A recent Xinhua report discussed home prices and the property tax, sparking speculation that a new tax may be imposed to rein in any runaway trend in home prices in some cities.
In late December, a report from the Chinese Academy of Social Sciences suggested new charges may be part of the 14th Five-Year Plan (2021-25).
For more than a decade, property tax has been the equivalent of crying wolf in China. But now, after a year of pandemic-related ups and downs in the housing industry, the issue of whether or not there would be a new property tax has gathered tremendous staying power in public chatter.
The Xinhua dispatch mentioned possible tough measures to cool the overheated home market. It also discussed a slew of suggestions to uphold the principle that “housing is for living in, not for speculation”. A view expressed was that a levy of property tax in a reasonable and scientific manner could help.
The CASS report, according to Economic Daily, suggested cities where home prices tended to overheat may want to test a new solution in the form of a property tax during the 14th Five-Year Plan period. In line with the Central Economic Work Conference’s emphasis on solving housing problems in major cities, the report said systematic strategies should be adopted, including charging property tax.
James Macdonald, head and senior director of Savills China Research, said: “The government continues to talk about long-term mechanisms to control the property market and reduce the reliance of local authorities on land sales by diversifying tax sources and recurring income streams.
“Therefore, property taxes are one of the natural choices. In addition, the new tax can also ease the fiscal pressure of local governments in social services improvement, fiscal stimulus and infrastructure expenditure.”
Chen Sheng, president of the China Real Estate Data Academy, said, “It’s highly likely for property tax to enter the legislation procedure during the 14th Five-Year Plan period, and it will likely become part of day-to-day life in a couple of years.”

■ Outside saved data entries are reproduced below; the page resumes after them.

text \<open>Inner regularity is only available for open sets: approximate U from inside by K1 and
  remove an open set V of small measure covering U - E.\<close>
lemma exists_compact_open_between:
  assumes E: "E \<in> sets \<nu>" "emeasure \<nu> E < \<infinity>" and "0 < e"
  obtains K U where "compactin T K" "openin T U" "K \<subseteq> E" "E \<subseteq> U" "emeasure \<nu> (U - K) < ennreal e"
proof -
  have "emeasure \<nu> E < emeasure \<nu> E + ennreal (e / 2)" using E(2) \<open>0 < e\<close> by simp
  then obtain U where U: "openin T U" "E \<subseteq> U" "emeasure \<nu> U < emeasure \<nu> E + ennreal (e / 2)"
    using exists_open_superset[OF E(1)] by blast
  have U_sets: "U \<in> sets \<nu>" using openin_sets[OF U(1)] .
  have "emeasure \<nu> E + ennreal (e / 2) < \<infinity>" using E(2) by (simp add: less_top)
  then have "emeasure \<nu> U < \<infinity>" using U(3) by (rule order.strict_trans[rotated])
  have "emeasure \<nu> (U - E) = emeasure \<nu> U - emeasure \<nu> E"
    using E U U_sets by (intro emeasure_Diff) auto
  also have "\<dots> < ennreal (e / 2)"
    using U(3) E(2) emeasure_mono[OF U(2) U_sets] by (simp add: add.commute minus_less_iff_ennreal)
  finally obtain V where V: "openin T V" "U - E \<subseteq> V" "emeasure \<nu> V < ennreal (e / 2)"
    using exists_open_superset[of "U - E"] U_sets E(1) by blast
  have "0 < ennreal (e / 2)" using \<open>0 < e\<close> by simp
  then obtain K1 where K1: "compactin T K1" "K1 \<subseteq> U" "emeasure \<nu> (U - K1) < ennreal (e / 2)"
    by (rule exists_compact_subset[OF U(1) \<open>emeasure \<nu> U < \<infinity>\<close>])
  have K: "compactin T (K1 - V)"
    using closed_compactin[OF K1(1)] compactin_imp_closedin[OF Hausdorff_gelfand_top K1(1)] V(1)
    by (meson Diff_subset closedin_diff)
  have small: "emeasure \<nu> (U - (K1 - V)) < ennreal e"
  proof -
    have "emeasure \<nu> (U - (K1 - V)) \<le> emeasure \<nu> ((U - K1) \<union> V)"
      using U_sets V(1) K1(1) openin_sets compactin_sets by (intro emeasure_mono) auto
    also have "\<dots> \<le> emeasure \<nu> (U - K1) + emeasure \<nu> V"
      using U_sets V(1) K1(1) openin_sets compactin_sets by (intro emeasure_subadditive) auto
    also have "\<dots> < ennreal (e / 2) + ennreal (e / 2)" using K1(3) V(3) by (rule add_strict_mono)
    finally show ?thesis using \<open>0 < e\<close> by (simp flip: ennreal_plus)
  qed
  have "K1 - V \<subseteq> E" using K1(2) V(2) by blast
  from that[OF K U(1) this U(2) small] show ?thesis .
qed

definition L2_approximable :: "((('x \<Rightarrow> complex) \<Rightarrow> complex) \<Rightarrow> real) \<Rightarrow> bool" where
  "L2_approximable g \<longleftrightarrow> (\<forall>e>0. \<exists>f\<in>B. (\<integral>\<^sup>+ \<phi>. ennreal ((hat f \<phi> - g \<phi>)\<^sup>2) \<partial>\<nu>) < ennreal e)"

lemma L2_approximable_add:
  assumes [measurable]: "g1 \<in> borel_measurable \<nu>" "g2 \<in> borel_measurable \<nu>"
    and "L2_approximable g1" "L2_approximable g2"
  shows "L2_approximable (\<lambda>\<phi>. g1 \<phi> + g2 \<phi>)"
  unfolding L2_approximable_def
proof (intro allI impI)
  fix e :: real assume "e > 0"
  then have "e / 4 > 0" by simp
  then obtain f1 f2 where f: "f1 \<in> B" "f2 \<in> B"
    and "(\<integral>\<^sup>+ \<phi>. ennreal ((hat f1 \<phi> - g1 \<phi>)\<^sup>2) \<partial>\<nu>) < ennreal (e / 4)"
      "(\<integral>\<^sup>+ \<phi>. ennreal ((hat f2 \<phi> - g2 \<phi>)\<^sup>2) \<partial>\<nu>) < ennreal (e / 4)"
    using assms(3,4) unfolding L2_approximable_def by blast
  then have "(\<integral>\<^sup>+ \<phi>. ennreal (((hat f1 \<phi> - g1 \<phi>) + (hat f2 \<phi> - g2 \<phi>))\<^sup>2) \<partial>\<nu>) < ennreal e"
    using f by (intro nn_integral_square_add_less) auto
  moreover have "(\<integral>\<^sup>+ \<phi>. ennreal (((hat f1 \<phi> - g1 \<phi>) + (hat f2 \<phi> - g2 \<phi>))\<^sup>2) \<partial>\<nu>)
      = (\<integral>\<^sup>+ \<phi>. ennreal ((hat (\<lambda>x. f1 x + f2 x) \<phi> - (g1 \<phi> + g2 \<phi>))\<^sup>2) \<partial>\<nu>)"
    using f by (intro nn_integral_cong) (simp add: space_nu hat_add algebra_simps)
  ultimately show "\<exists>f\<in>B. (\<integral>\<^sup>+ \<phi>. ennreal ((hat f \<phi> - (g1 \<phi> + g2 \<phi>))\<^sup>2) \<partial>\<nu>) < ennreal e"
    using B_add[OF f] by (intro bexI) auto
qed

Property tax is one of the few taxes that are yet to complete the legal procedure needed for implementation, Chen said.
Regardless of the anticipated new taxation, people who live in their properties don’t have to worry too much, as the real estate tax would only help regulate the home market and aims to curb speculation, experts said.
In 2011, Shanghai and Chongqing became the only two cities to levy property tax. In Shanghai, the tax is collected only from families having housing area of more than 60 square meters per person, and it is taxed at a rate of 0.4 percent or 0.6 percent of the total property price annually, depending on the apartment’s price per square meter.

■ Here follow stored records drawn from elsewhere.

(* Let $(X,\tau)$ be a $\mathbb{B}$-topological space and $\gamma$ a closed set of $(X,\tau)$. Then $\gamma$ is irreducible if and only if $\gamma[tt]$ is an irreducible closed subset of the topological space $(X,\tau[tt])$ and $\gamma[ff]$ is an irreducible closed subset of the topological space $(X,\tau[ff])$.
   Context: $\mathbb{B}=\{0,1,tt,ff\}$ is the four-element Boolean algebra with bottom $0$, top $1$, and $tt,ff$ incomparable and complements of each other; $\neg$ is its complement and $a\to b=\neg a\vee b$. $\mathbb{B}^X$ is the set of maps $X\to\mathbb{B}$ with pointwise order and operations; $b_X$ is the constant map with value $b$; $\lambda[b]=\{x\in X:\lambda(x)\ge b\}$. A $\mathbb{B}$-topology on $X$ is a subset $\tau\subseteq\mathbb{B}^X$ containing all constant maps and closed under arbitrary pointwise joins and finite pointwise meets; $\tau[tt]=\{\lambda[tt]:\lambda\in\tau\}$ and $\tau[ff]=\{\lambda[ff]:\lambda\in\tau\}$ are topologies. $\gamma\in\mathbb{B}^X$ is closed if $\neg\gamma\in\tau$. $\mathrm{sub}_X(\lambda,\mu)=\bigwedge_{x\in X}(\lambda(x)\to\mu(x))$. A closed set $\gamma$ is irreducible if (i) $\mathrm{sub}_X(\gamma,b_X)=b$ for all $b\in\mathbb{B}$, and (ii) $\mathrm{sub}_X(\gamma,\mu_1\vee\mu_2)=\mathrm{sub}_X(\gamma,\mu_1)\vee\mathrm{sub}_X(\gamma,\mu_2)$ for all closed sets $\mu_1,\mu_2$. An irreducible closed subset of a topological space is a nonempty closed set not contained in the union of two closed sets unless it is contained in one of them. *)

theory Defs
  imports "HOL-Analysis.Analysis" "HOL-Library.Product_Order"
begin

text \<open>The four-element Boolean algebra B = {0,1,tt,ff}, realised as bool \<times> bool with
  componentwise order: 0 = bot = (False,False), 1 = top = (True,True),
  tt = (True,False), ff = (False,True).\<close>

type_synonym B4 = "bool \<times> bool"

definition tt :: B4 where "tt = (True, False)"
definition ff :: B4 where "ff = (False, True)"

definition bimp :: "B4 \<Rightarrow> B4 \<Rightarrow> B4" where "bimp a b = sup (- a) b"

text \<open>Maps X \<rightarrow> B are represented as functions 'a \<Rightarrow> B4 that are bot (= 0) outside X.\<close>

definition Bmaps :: "'a set \<Rightarrow> ('a \<Rightarrow> B4) set" where
  "Bmaps X = {f. \<forall>x. x \<notin> X \<longrightarrow> f x = bot}"

definition constB :: "'a set \<Rightarrow> B4 \<Rightarrow> ('a \<Rightarrow> B4)" where
  "constB X b = (\<lambda>x. if x \<in> X then b else bot)"

definition negB :: "'a set \<Rightarrow> ('a \<Rightarrow> B4) \<Rightarrow> ('a \<Rightarrow> B4)" where
  "negB X f = (\<lambda>x. if x \<in> X then - f x else bot)"

definition joinB :: "'a set \<Rightarrow> ('a \<Rightarrow> B4) set \<Rightarrow> ('a \<Rightarrow> B4)" where
  "joinB X F = (\<lambda>x. if x \<in> X then (SUP f\<in>F. f x) else bot)"

definition meetB :: "'a set \<Rightarrow> ('a \<Rightarrow> B4) \<Rightarrow> ('a \<Rightarrow> B4) \<Rightarrow> ('a \<Rightarrow> B4)" where
  "meetB X f g = (\<lambda>x. if x \<in> X then inf (f x) (g x) else bot)"

definition cut :: "'a set \<Rightarrow> ('a \<Rightarrow> B4) \<Rightarrow> B4 \<Rightarrow> 'a set" where
  "cut X f b = {x \<in> X. b \<le> f x}"

definition is_Btopology :: "'a set \<Rightarrow> ('a \<Rightarrow> B4) set \<Rightarrow> bool" where
  "is_Btopology X \<tau> \<longleftrightarrow> \<tau> \<subseteq> Bmaps X
     \<and> (\<forall>b. constB X b \<in> \<tau>)
     \<and> (\<forall>F. F \<subseteq> \<tau> \<longrightarrow> joinB X F \<in> \<tau>)
     \<and> (\<forall>f\<in>\<tau>. \<forall>g\<in>\<tau>. meetB X f g \<in> \<tau>)"

definition Bclosed :: "'a set \<Rightarrow> ('a \<Rightarrow> B4) set \<Rightarrow> ('a \<Rightarrow> B4) \<Rightarrow> bool" where
  "Bclosed X \<tau> g \<longleftrightarrow> g \<in> Bmaps X \<and> negB X g \<in> \<tau>"

definition subB :: "'a set \<Rightarrow> ('a \<Rightarrow> B4) \<Rightarrow> ('a \<Rightarrow> B4) \<Rightarrow> B4" where
  "subB X f g = (INF x\<in>X. bimp (f x) (g x))"

definition Birreducible :: "'a set \<Rightarrow> ('a \<Rightarrow> B4) set \<Rightarrow> ('a \<Rightarrow> B4) \<Rightarrow> bool" where
  "Birreducible X \<tau> g \<longleftrightarrow> Bclosed X \<tau> g
     \<and> (\<forall>b. subB X g (constB X b) = b)
     \<and> (\<forall>m1 m2. Bclosed X \<tau> m1 \<longrightarrow> Bclosed X \<tau> m2 \<longrightarrow>
           subB X g (sup m1 m2) = sup (subB X g m1) (subB X g m2))"

definition level_top :: "'a set \<Rightarrow> ('a \<Rightarrow> B4) set \<Rightarrow> B4 \<Rightarrow> 'a topology" where
  "level_top X \<tau> b = topology (\<lambda>U. \<exists>f\<in>\<tau>. U = cut X f b)"

definition irreducible_closed :: "'a topology \<Rightarrow> 'a set \<Rightarrow> bool" where
  "irreducible_closed T S \<longleftrightarrow> closedin T S \<and> S \<noteq> {}
     \<and> (\<forall>A B. closedin T A \<longrightarrow> closedin T B \<longrightarrow> S \<subseteq> A \<union> B \<longrightarrow> S \<subseteq> A \<or> S \<subseteq> B)"

end

theory Submission
  imports Defs
begin

text \<open>Everything about the four-element algebra reduces to its two atoms tt and ff: an
  element is determined by the atoms below it, and cutting at an atom turns joins, complements
  and the inclusion degree subB into unions, relative complements and set inclusion.  So the
  cuts of B-closed sets at an atom are exactly the closed sets of the level topology, the
  constant condition of B-irreducibility becomes non-emptiness of both cuts, and the join
  condition becomes primeness of both cuts for unions of closed sets.\<close>

definition B4_atom :: "B4 \<Rightarrow> bool" where "B4_atom b \<longleftrightarrow> b = tt \<or> b = ff"

lemma B4_atom_tt: "B4_atom tt" and B4_atom_ff: "B4_atom ff"
  by (simp_all add: B4_atom_def)

lemma B4_atomE: "B4_atom b \<Longrightarrow> (b = tt \<Longrightarrow> P) \<Longrightarrow> (b = ff \<Longrightarrow> P) \<Longrightarrow> P"
  unfolding B4_atom_def by blast

lemma B4_atom_le_Sup_iff: "B4_atom b \<Longrightarrow> b \<le> Sup (A :: B4 set) \<longleftrightarrow> (\<exists>a\<in>A. b \<le> a)"
  by (erule B4_atomE) (auto simp: tt_def ff_def less_eq_prod_def fst_Sup snd_Sup)

lemma B4_atom_le_sup_iff: "B4_atom b \<Longrightarrow> b \<le> sup (a :: B4) c \<longleftrightarrow> b \<le> a \<or> b \<le> c"
  by (erule B4_atomE) (auto simp: tt_def ff_def less_eq_prod_def)

lemma B4_atom_le_uminus_iff: "B4_atom b \<Longrightarrow> b \<le> - (a :: B4) \<longleftrightarrow> \<not> b \<le> a"
  by (erule B4_atomE) (auto simp: tt_def ff_def less_eq_prod_def uminus_prod_def)

lemma B4_atom_not_le_bot: "B4_atom b \<Longrightarrow> \<not> b \<le> (bot :: B4)"
  by (erule B4_atomE) (auto simp: tt_def ff_def less_eq_prod_def)

lemma B4_eq_iff_atoms: "(a :: B4) = c \<longleftrightarrow> (tt \<le> a \<longleftrightarrow> tt \<le> c) \<and> (ff \<le> a \<longleftrightarrow> ff \<le> c)"
  by (cases a; cases c) (auto simp: tt_def ff_def)

lemma cut_subset: "cut X f b \<subseteq> X"
  by (auto simp: cut_def)

lemma cut_sup: "B4_atom b \<Longrightarrow> cut X (sup f g) b = cut X f b \<union> cut X g b"
  by (auto simp: cut_def B4_atom_le_sup_iff)

lemma cut_negB: "B4_atom b \<Longrightarrow> cut X (negB X f) b = X - cut X f b"
  by (auto simp: cut_def negB_def B4_atom_le_uminus_iff)

lemma B4_atom_le_subB_iff: "B4_atom b \<Longrightarrow> b \<le> subB X g h \<longleftrightarrow> cut X g b \<subseteq> cut X h b"
  by (auto simp: subB_def bimp_def cut_def le_INF_iff B4_atom_le_sup_iff B4_atom_le_uminus_iff)

lemma negB_negB: "f \<in> Bmaps X \<Longrightarrow> negB X (negB X f) = f"
  by (auto simp: negB_def Bmaps_def)

lemma is_BtopologyD:
  assumes "is_Btopology X \<tau>"
  shows "\<tau> \<subseteq> Bmaps X" and "constB X b \<in> \<tau>" and "F \<subseteq> \<tau> \<Longrightarrow> joinB X F \<in> \<tau>"
    and "f \<in> \<tau> \<Longrightarrow> g \<in> \<tau> \<Longrightarrow> meetB X f g \<in> \<tau>"
  using assms unfolding is_Btopology_def by blast+

lemma istopology_level:
  assumes \<tau>: "is_Btopology X \<tau>" and b: "B4_atom b"
  shows "istopology (\<lambda>U. \<exists>f\<in>\<tau>. U = cut X f b)"
  unfolding istopology_def
proof (intro conjI allI impI)
  fix S T assume "\<exists>f\<in>\<tau>. S = cut X f b" "\<exists>g\<in>\<tau>. T = cut X g b"
  then obtain f g where fg: "f \<in> \<tau>" "g \<in> \<tau>" "S = cut X f b" "T = cut X g b"
    by blast
  then have "S \<inter> T = cut X (meetB X f g) b"
    by (auto simp: cut_def meetB_def)
  then show "\<exists>h\<in>\<tau>. S \<inter> T = cut X h b"
    using is_BtopologyD(4)[OF \<tau> fg(1,2)] by blast
next
  fix K assume K: "\<forall>S\<in>K. \<exists>f\<in>\<tau>. S = cut X f b"
  define F where "F = {f \<in> \<tau>. cut X f b \<in> K}"
  have "joinB X F \<in> \<tau>"
    by (rule is_BtopologyD(3)[OF \<tau>]) (auto simp: F_def)
  moreover have "\<Union>K = cut X (joinB X F) b"
  proof -
    have "\<Union>K = (\<Union>f\<in>F. cut X f b)"
      using K by (auto simp: F_def)
    also have "\<dots> = cut X (joinB X F) b"
      by (auto simp: cut_def joinB_def B4_atom_le_Sup_iff[OF b])
    finally show ?thesis .
  qed
  ultimately show "\<exists>f\<in>\<tau>. \<Union>K = cut X f b"
    by blast
qed

lemma openin_level_top:
  "is_Btopology X \<tau> \<Longrightarrow> B4_atom b \<Longrightarrow> openin (level_top X \<tau> b) U \<longleftrightarrow> (\<exists>f\<in>\<tau>. U = cut X f b)"
  using istopology_level unfolding level_top_def by fastforce

lemma topspace_level_top:
  assumes \<tau>: "is_Btopology X \<tau>" and b: "B4_atom b"
  shows "topspace (level_top X \<tau> b) = X"
proof -
  have "X = cut X (constB X top) b"
    by (auto simp: cut_def constB_def)
  then have "openin (level_top X \<tau> b) X"
    unfolding openin_level_top[OF \<tau> b] using is_BtopologyD(2)[OF \<tau>, of top] by (rule bexI)
  moreover have "topspace (level_top X \<tau> b) \<subseteq> X"
    unfolding topspace_def openin_level_top[OF \<tau> b] by (auto simp: cut_def)
  ultimately show ?thesis
    using openin_subset by (metis subset_antisym)
qed

lemma closedin_level_top_iff:
  assumes \<tau>: "is_Btopology X \<tau>" and b: "B4_atom b"
  shows "closedin (level_top X \<tau> b) A \<longleftrightarrow> (\<exists>m. Bclosed X \<tau> m \<and> A = cut X m b)"
proof
  assume "closedin (level_top X \<tau> b) A"
  then have "A \<subseteq> X" and "openin (level_top X \<tau> b) (X - A)"
    unfolding closedin_def topspace_level_top[OF \<tau> b] by simp_all
  then obtain f where f: "f \<in> \<tau>" "X - A = cut X f b"
    unfolding openin_level_top[OF \<tau> b] by blast
  have "A = cut X (negB X f) b"
    using \<open>A \<subseteq> X\<close> f(2) by (simp add: cut_negB[OF b] flip: f(2)) blast
  moreover have "Bclosed X \<tau> (negB X f)"
    using f(1) is_BtopologyD(1)[OF \<tau>]
    by (simp add: Bclosed_def negB_negB subset_iff) (simp add: Bmaps_def negB_def)
  ultimately show "\<exists>m. Bclosed X \<tau> m \<and> A = cut X m b"
    by blast
next
  assume "\<exists>m. Bclosed X \<tau> m \<and> A = cut X m b"
  then obtain m where m: "negB X m \<in> \<tau>" "A = cut X m b"
    by (auto simp: Bclosed_def)
  then have "A \<subseteq> X" and "X - A = cut X (negB X m) b"
    by (simp_all add: cut_subset cut_negB[OF b])
  then show "closedin (level_top X \<tau> b) A"
    unfolding closedin_def topspace_level_top[OF \<tau> b] openin_level_top[OF \<tau> b]
    using m(1) by blast
qed

lemma irreducible_closed_level_top_iff:
  assumes \<tau>: "is_Btopology X \<tau>" and b: "B4_atom b" and \<gamma>: "Bclosed X \<tau> \<gamma>"
  shows "irreducible_closed (level_top X \<tau> b) (cut X \<gamma> b) \<longleftrightarrow> cut X \<gamma> b \<noteq> {} \<and>
    (\<forall>m1 m2. Bclosed X \<tau> m1 \<longrightarrow> Bclosed X \<tau> m2 \<longrightarrow> cut X \<gamma> b \<subseteq> cut X m1 b \<union> cut X m2 b \<longrightarrow>
       cut X \<gamma> b \<subseteq> cut X m1 b \<or> cut X \<gamma> b \<subseteq> cut X m2 b)"
  using \<gamma> unfolding irreducible_closed_def closedin_level_top_iff[OF \<tau> b] by blast

lemma subB_constB_iff_cuts_nonempty:
  "(\<forall>a. subB X \<gamma> (constB X a) = a) \<longleftrightarrow> cut X \<gamma> tt \<noteq> {} \<and> cut X \<gamma> ff \<noteq> {}"
proof -
  have le_iff: "b \<le> subB X \<gamma> (constB X a) \<longleftrightarrow> cut X \<gamma> b = {} \<or> b \<le> a" if "B4_atom b" for a b
    unfolding B4_atom_le_subB_iff[OF that] by (auto simp: cut_def constB_def)
  show ?thesis
    unfolding B4_eq_iff_atoms[of "subB X \<gamma> _"] le_iff[OF B4_atom_tt] le_iff[OF B4_atom_ff]
    using B4_atom_not_le_bot[OF B4_atom_tt] B4_atom_not_le_bot[OF B4_atom_ff] by blast
qed

lemma subB_sup_iff_cuts_prime:
  "subB X \<gamma> (sup m1 m2) = sup (subB X \<gamma> m1) (subB X \<gamma> m2) \<longleftrightarrow>
    (\<forall>b\<in>{tt, ff}. cut X \<gamma> b \<subseteq> cut X m1 b \<union> cut X m2 b \<longrightarrow>
       cut X \<gamma> b \<subseteq> cut X m1 b \<or> cut X \<gamma> b \<subseteq> cut X m2 b)"
proof -
  have "b \<le> subB X \<gamma> (sup m1 m2) \<longleftrightarrow> cut X \<gamma> b \<subseteq> cut X m1 b \<union> cut X m2 b"
    and "b \<le> sup (subB X \<gamma> m1) (subB X \<gamma> m2) \<longleftrightarrow> cut X \<gamma> b \<subseteq> cut X m1 b \<or> cut X \<gamma> b \<subseteq> cut X m2 b"
    if "B4_atom b" for b
    by (simp_all add: that B4_atom_le_subB_iff cut_sup B4_atom_le_sup_iff)
  note le_iffs = this[OF B4_atom_tt] this[OF B4_atom_ff]
  show ?thesis
    unfolding B4_eq_iff_atoms[of "subB X \<gamma> _"] le_iffs by auto
qed

theorem mainTheorem6:
  fixes X :: "'a set" and \<tau> :: "('a \<Rightarrow> B4) set" and \<gamma> :: "'a \<Rightarrow> B4"
  assumes "is_Btopology X \<tau>"
    and "Bclosed X \<tau> \<gamma>"
  shows "Birreducible X \<tau> \<gamma> \<longleftrightarrow>
           irreducible_closed (level_top X \<tau> tt) (cut X \<gamma> tt)
         \<and> irreducible_closed (level_top X \<tau> ff) (cut X \<gamma> ff)"
  unfolding Birreducible_def subB_constB_iff_cuts_nonempty subB_sup_iff_cuts_prime
    irreducible_closed_level_top_iff[OF assms(1) B4_atom_tt assms(2)]
    irreducible_closed_level_top_iff[OF assms(1) B4_atom_ff assms(2)]
  using assms(2) by (simp add: all_conj_distrib imp_conjR conj_ac)

end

In Chongqing, the tax, which is levied on a trial basis, is focused more on taming investment speculation in high-end properties, with the rate set between 0.5 percent and 1.2 percent of the property price annually.
However, the real estate tax in other cities will likely be completely different from what is being levied in Chongqing and Shanghai, in terms of tax base and collection as that involves all related government divisions, from legislation to implementation, experts said.